Существуют различные представления о структуре мозга, когда речь заходит о языке. Коннекционистские модели подчеркивают идею о том, что лексикон человека и его мысли работают в своего рода распределенной ассоциативной сети. [38] Нативистские модели утверждают, что в мозге есть специализированные устройства , которые предназначены для усвоения языка. [37] Вычислительные модели подчеркивают понятие репрезентативного языка мышления и логико-подобной вычислительной обработки, которую разум выполняет над ними. [39] Эмерджентистские модели фокусируются на представлении о том, что естественные способности представляют собой сложную систему, которая возникает из более простых биологических частей. Редукционистские модели пытаются объяснить более высокие уровни психических процессов с точки зрения базовой низкоуровневой нейрофизиологической активности. [40]
Во-первых, эта область исследований стремится лучше понять, что говорящие и слушающие делают с языком в общении , и как он используется в обществе. Конкретные интересы включают темы изучения языка , создания языка и речевых актов .
Во-вторых, исследуется вопрос о том, как язык соотносится с сознанием как говорящего, так и интерпретатора . Особый интерес представляют основания для успешного перевода слов и понятий в их эквиваленты на другом языке.
Важная проблема, которая касается как философии языка, так и философии разума, заключается в том, в какой степени язык влияет на мышление и наоборот. По этому вопросу существует ряд различных точек зрения, каждая из которых предлагает ряд идей и предложений.
Лингвисты Сепир и Уорф предположили, что язык ограничивает пределы, в которых члены «лингвистического сообщества» могут думать об определенных предметах (гипотеза, параллельная роману Джорджа Оруэлла «1984» ). [41] Другими словами, язык аналитически предшествовал мышлению. Философ Майкл Дамметт также является сторонником точки зрения «сначала язык». [42]

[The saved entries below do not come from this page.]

text \<open>This follows from \<open>[n] = [n - p] + q\<^sup>n\<^sup>-\<^sup>p [p]\<close>.\<close>
lemma qinv_partial_fraction:
  assumes "1 \<le> p" "p < n"
  shows "qinv n * qfrac (n - p) = qinv p * (qinv (n - p) - qinv n)"
proof -
  have split: "qint n = qint (n - p) + fps_X ^ (n - p) * qint p"
    using qint_add[of "n - p" p] assms by simp
  have units: "qint n * qinv n = 1" "qint p * qinv p = 1" "qint (n - p) * qinv (n - p) = 1"
    using assms by (auto intro!: qint_mult_qinv)
  have "qinv p * (qinv (n - p) - qinv n) = qinv p * qinv (n - p) * qinv n * (qint n - qint (n - p))"
    using units by (simp add: algebra_simps)
  also have "\<dots> = qinv n * qfrac (n - p)"
    using units split by (simp add: qfrac_def algebra_simps)
  finally show ?thesis by simp
qed

lemma qfrac_diff_mult_qinv_diff:
  assumes "1 \<le> p" "p < n"
  shows "(qfrac p - qfrac n) * (qinv (n - p) - qinv n) = qinv n * qfrac n"
proof -
  have "(qfrac p - qfrac n) * (qinv (n - p) - qinv n) = (qinv p - qinv n) * (qinv (n - p) - qinv n)"
    using qfrac_diff[of p n] assms by simp
  also have "\<dots> = qinv p * (qinv (n - p) - qinv n) - qinv n * qinv (n - p) + qinv n * qinv n"
    by (simp add: algebra_simps)
  also have "\<dots> = qinv n * (qfrac (n - p) - qinv (n - p) + qinv n)"
    using qinv_partial_fraction[OF assms] by (simp add: algebra_simps)
  also have "qfrac (n - p) - qinv (n - p) + qinv n = qfrac n"
    using qinv_eq[of "n - p"] qinv_eq[of n] assms by simp
  finally show ?thesis .
qed

lemma sum_qinv_qfrac_power_products:
  assumes "1 \<le> p" "p < n"
  shows "(\<Sum>j<k. (qinv n * qfrac n ^ (k - j)) * (qinv p * qfrac p ^ j))
       = qinv p * qfrac p ^ k * (qinv (n - p) - qinv n) - qinv n * qfrac n ^ k * qfrac (n - p)"
proof (induction k)
  case 0
  then show ?case using qinv_partial_fraction[OF assms] by simp
next
  case (Suc k)
  have "(\<Sum>j<Suc k. (qinv n * qfrac n ^ (Suc k - j)) * (qinv p * qfrac p ^ j))
      = qfrac n * (\<Sum>j<k. (qinv n * qfrac n ^ (k - j)) * (qinv p * qfrac p ^ j))
        + qinv n * qfrac n * (qinv p * qfrac p ^ k)"
    unfolding sum_distrib_left by (simp add: Suc_diff_le mult_ac)
  also have "\<dots> = qfrac n * (qinv p * qfrac p ^ k * (qinv (n - p) - qinv n)
        - qinv n * qfrac n ^ k * qfrac (n - p)) + qinv p * qfrac p ^ k * (qinv n * qfrac n)"
    by (simp only: Suc.IH) (simp add: algebra_simps)
  also have "qinv n * qfrac n = (qfrac p - qfrac n) * (qinv (n - p) - qinv n)"
    using qfrac_diff_mult_qinv_diff[OF assms] by simp
  finally show ?case by (simp add: algebra_simps)
qed

lemma sum_split_zq_factor:
  assumes "1 \<le> p" "p < n" "k \<ge> 1"
  shows "(\<Sum>j<k - 1. zq_factor (k - j) n * zq_factor (Suc j) p)
       = qfrac (n - p) * zq_factor k p - zq_factor k n * qfrac (n - p) - qfrac n * zq_factor k p"
proof -
  have "(\<Sum>j<k - 1. zq_factor (k - j) n * zq_factor (Suc j) p)
      = (\<Sum>j<k - 1. (qinv n * qfrac n ^ (k - 1 - j)) * (qinv p * qfrac p ^ j))"
    using assms by (intro sum.cong) (auto simp: zq_factor_eq)
  also have "\<dots> = qinv p * qfrac p ^ (k - 1) * (qinv (n - p) - qinv n)
      - qinv n * qfrac n ^ (k - 1) * qfrac (n - p)"
    by (rule sum_qinv_qfrac_power_products[OF assms(1,2)])
  also have "qinv (n - p) - qinv n = qfrac (n - p) - qfrac n"
    using assms qfrac_diff[of "n - p" n] by simp
  finally show ?thesis
    using assms by (simp add: zq_factor_eq algebra_simps)
qed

Полной противоположностью позиции Сепира-Уорфа является представление о том, что мысль (или, более широко, ментальное содержание) имеет приоритет над языком. Позицию «знание-сначала» можно найти, например, в работе Пола Грайса . [42] Кроме того, эта точка зрения тесно связана с Джерри Фодором и его гипотезой языка мысли . Согласно его аргументу, устный и письменный язык черпают свою преднамеренность и значение из внутреннего языка, закодированного в уме. [43] Главный аргумент в пользу такой точки зрения заключается в том, что структура мыслей и структура языка, по-видимому, имеют общий композиционный, систематический характер. Другой аргумент заключается в том, что трудно объяснить, как знаки и символы на бумаге могут представлять что-либо значимое, если некое значение не будет вложено в них содержанием ума. Один из главных аргументов против заключается в том, что такие уровни языка могут привести к бесконечному регрессу. [43] В любом случае, многие философы сознания и языка, такие как Рут Милликен , Фред Дретске и Фодор, в последнее время обратили свое внимание на прямое объяснение значений ментального содержания и состояний.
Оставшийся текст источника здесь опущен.